Earned premiums on retrospectively rated policies are based on the Company’s estimate of loss experience as of the measurement date. Loss experience includes known losses specifically identifiable to a retrospective policy as well as provisions for future development on known losses and for losses incurred but not yet reported, which are developed using actuarial loss development factors that are consistent with how the Company projects losses in general. For retrospectively rated policies, the governing contractual minimum and maximum rates are established at policy inception and are made a part of the insurance contract. Premiums from retrospectively rated policies totaled 29.6% and 21.2% of total premiums written for the three month periods ended September 30, 2006 and 2005, respectively, and 25.7% and 30.8% of total premiums written for the nine month periods then ended, respectively.

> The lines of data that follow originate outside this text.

(* For a vertex v of a simplicial complex K, the relative homology of (K, deletion K v) is the
   homology of link K v shifted by one, so vanishing of H_(k-1) of the link and of H_k of the
   deletion forces H_k(K) = 0; a cone (link = deletion) is acyclic. In ind(G) the deletion of v is
   ind(G - v) and its link is ind(G - N[v]). Given an independent set I with |I| >= (k+1)(m-1)+1,
   pick v outside I (if there is none, V = I is independent, so any vertex is isolated and ind(G)
   is a cone): I survives in G - v, and since G has no induced K_{1,m}, v has fewer than m
   neighbours in I, so I - N(v) is large enough for degree k - 1 in G - N[v]. Induction on the
   number of vertices, applied to a maximum independent set (of size dim + 1), gives the bound. *)

definition simplicial_complex :: "'a set set \<Rightarrow> bool" where
  "simplicial_complex K \<longleftrightarrow> finite (\<Union>K) \<and> (\<forall>\<sigma>\<in>K. \<forall>\<tau>\<subseteq>\<sigma>. \<tau> \<in> K)"

definition link :: "'a set set \<Rightarrow> 'a \<Rightarrow> 'a set set" where
  "link K v = {\<sigma>. v \<notin> \<sigma> \<and> insert v \<sigma> \<in> K}"

definition deletion :: "'a set set \<Rightarrow> 'a \<Rightarrow> 'a set set" where
  "deletion K v = {\<sigma>\<in>K. v \<notin> \<sigma>}"

definition face_sign :: "'a::linorder set \<Rightarrow> 'a \<Rightarrow> 'f::field" where
  "face_sign \<sigma> v = (-1) ^ card {u\<in>\<sigma>. u < v}"

subsection \<open>Orientation signs\<close>

lemma face_sign_square: "(face_sign \<sigma> v :: 'f::field) * face_sign \<sigma> v = 1"
  by (simp add: face_sign_def flip: power_add)

lemma face_sign_nonzero: "(face_sign \<sigma> v :: 'f::field) \<noteq> 0"
  by (simp add: face_sign_def)

lemma face_sign_insert:
  assumes "finite \<sigma>" "u \<notin> \<sigma>"
  shows "(face_sign (insert u \<sigma>) v :: 'f::field) = face_sign \<sigma> v * (if u < v then -1 else 1)"
proof (cases "u < v")
  case True
  then have "{x\<in>insert u \<sigma>. x < v} = insert u {x\<in>\<sigma>. x < v}" by auto
  with True assms show ?thesis by (simp add: face_sign_def)
next
  case False
  then have "{x\<in>insert u \<sigma>. x < v} = {x\<in>\<sigma>. x < v}" by auto
  with False show ?thesis by (simp add: face_sign_def)
qed

lemma face_sign_swap:
  assumes "finite \<tau>" "u \<notin> \<tau>" "v \<notin> \<tau>" "u \<noteq> v"
  shows "(face_sign (insert v \<tau>) u :: 'f::field) =
    - face_sign \<tau> v * face_sign \<tau> u * face_sign (insert u \<tau>) v"
proof -
  have "(face_sign \<tau> v :: 'f) * face_sign \<tau> v = 1" by (rule face_sign_square)
  with assms show ?thesis
    by (cases "u < v") (auto simp: face_sign_insert algebra_simps)
qed

subsection \<open>Chains and the boundary map\<close>

lemma chains_zero: "(\<lambda>_. 0) \<in> chains K k"
  by (simp add: chains_def)

lemma chains_mono: "K \<subseteq> L \<Longrightarrow> c \<in> chains K k \<Longrightarrow> c \<in> chains L k"
  by (auto simp: chains_def)

lemma chains_diff:
  assumes "c \<in> chains K k" "d \<in> chains K k"
  shows "(\<lambda>\<sigma>. c \<sigma> - d \<sigma>) \<in> chains K k"
proof -
  have "c \<sigma> \<noteq> 0 \<or> d \<sigma> \<noteq> 0" if "c \<sigma> - d \<sigma> \<noteq> 0" for \<sigma> using that by auto
  with assms show ?thesis unfolding chains_def by blast
qed

lemma chains_outside: "c \<in> chains K k \<Longrightarrow> \<sigma> \<notin> K \<Longrightarrow> c \<sigma> = 0"
  by (auto simp: chains_def)

lemma boundary_outside: "\<tau> \<notin> K \<Longrightarrow> boundary K c \<tau> = 0"
  by (simp add: boundary_def)

lemma boundary_cong:
  "(\<And>\<sigma>. \<sigma> \<in> K \<Longrightarrow> c \<sigma> = d \<sigma>) \<Longrightarrow> boundary K c = boundary K d"
  unfolding boundary_def by (intro ext) (auto intro!: sum.cong)

lemma boundary_add:
  "boundary K (\<lambda>\<sigma>. c \<sigma> + d \<sigma>) \<tau> = boundary K c \<tau> + boundary K d \<tau>"
  unfolding boundary_def by (auto simp: sum.distrib[symmetric] algebra_simps intro!: sum.cong)

lemma boundary_uminus: "boundary K (\<lambda>\<sigma>. - c \<sigma>) \<tau> = - boundary K c \<tau>"
  unfolding boundary_def by (auto simp: sum_negf[symmetric] intro!: sum.cong)

lemma boundary_diff:
  "boundary K (\<lambda>\<sigma>. c \<sigma> - d \<sigma>) \<tau> = boundary K c \<tau> - boundary K d \<tau>"
  using boundary_add[of K c "\<lambda>\<sigma>. - d \<sigma>"] boundary_uminus[of K d] by simp

lemma boundary_zero: "boundary K (\<lambda>_. 0::'f::field) = (\<lambda>_. 0)"
  unfolding boundary_def by (rule ext) (simp only: mult_zero_right if_cancel sum.neutral_const)

lemma boundary_eq_sum:
  assumes "finite U" "\<Union>K \<subseteq> U" "\<tau> \<in> K"
  shows "boundary K c \<tau> =
    (\<Sum>u\<in>U - \<tau>. if insert u \<tau> \<in> K then face_sign \<tau> u * c (insert u \<tau>) else 0)"
  unfolding boundary_def face_sign_def
proof (simp add: assms(3), rule sum.mono_neutral_left)
  show "finite (U - \<tau>)" using assms(1) by simp
  show "\<Union>K - \<tau> \<subseteq> U - \<tau>" using assms(2) by blast
  have "insert u \<tau> \<notin> K" if "u \<notin> \<Union>K" for u using that by blast
  then show "\<forall>u\<in>U - \<tau> - (\<Union>K - \<tau>). (if insert u \<tau> \<in> K
      then (-1) ^ card {x\<in>\<tau>. x < u} * c (insert u \<tau>) else 0) = 0" by auto
qed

d. Unpaid Loss and Loss Adjustment Expense
Unpaid loss and loss adjustment expense represents an estimate of the ultimate net cost of all unpaid losses incurred through the specified period. The loss adjustment expense component is an estimate of expenses to be incurred in settlement of the claims included in the liability for unpaid losses. These liabilities, which anticipate salvage and subrogation recoveries and are presented gross of amounts recoverable from reinsurers, include estimates of future trends in claim severity and frequency and other factors that could vary as the losses are ultimately settled.
The Company uses an independent actuary to assist in the evaluation of the adequacy of its liability for unpaid loss and loss adjustment expense. In light of the Company’s short operating history and uncertainties concerning the effects of recent legislative reform specifically as it relates to the Company’s California workers’ compensation class of business, actuarial techniques are applied that use the historical experience of the Company’s predecessor as well as industry information in the analysis of unpaid loss and loss adjustment expense. These techniques recognize, among other factors:
• | the Company’s claims experience and that of its predecessor; | |
• | the industry’s claims experience; | |
• | historical trends in reserving patterns and loss payments; | |
• | the impact of claim inflation; | |
• | the pending level of unpaid claims; | |
• | the cost of claim settlements; | |
• | legislative reforms affecting workers’ compensation; and | |
• | the environment in which insurance companies operate. |
Although it is not possible to measure the degree of variability inherent in such estimates, management believes that the liability for unpaid loss and loss adjustment expense is reasonable. Estimates are reviewed periodically and any necessary adjustment is included in the results of operations of the period in which the adjustment is determined.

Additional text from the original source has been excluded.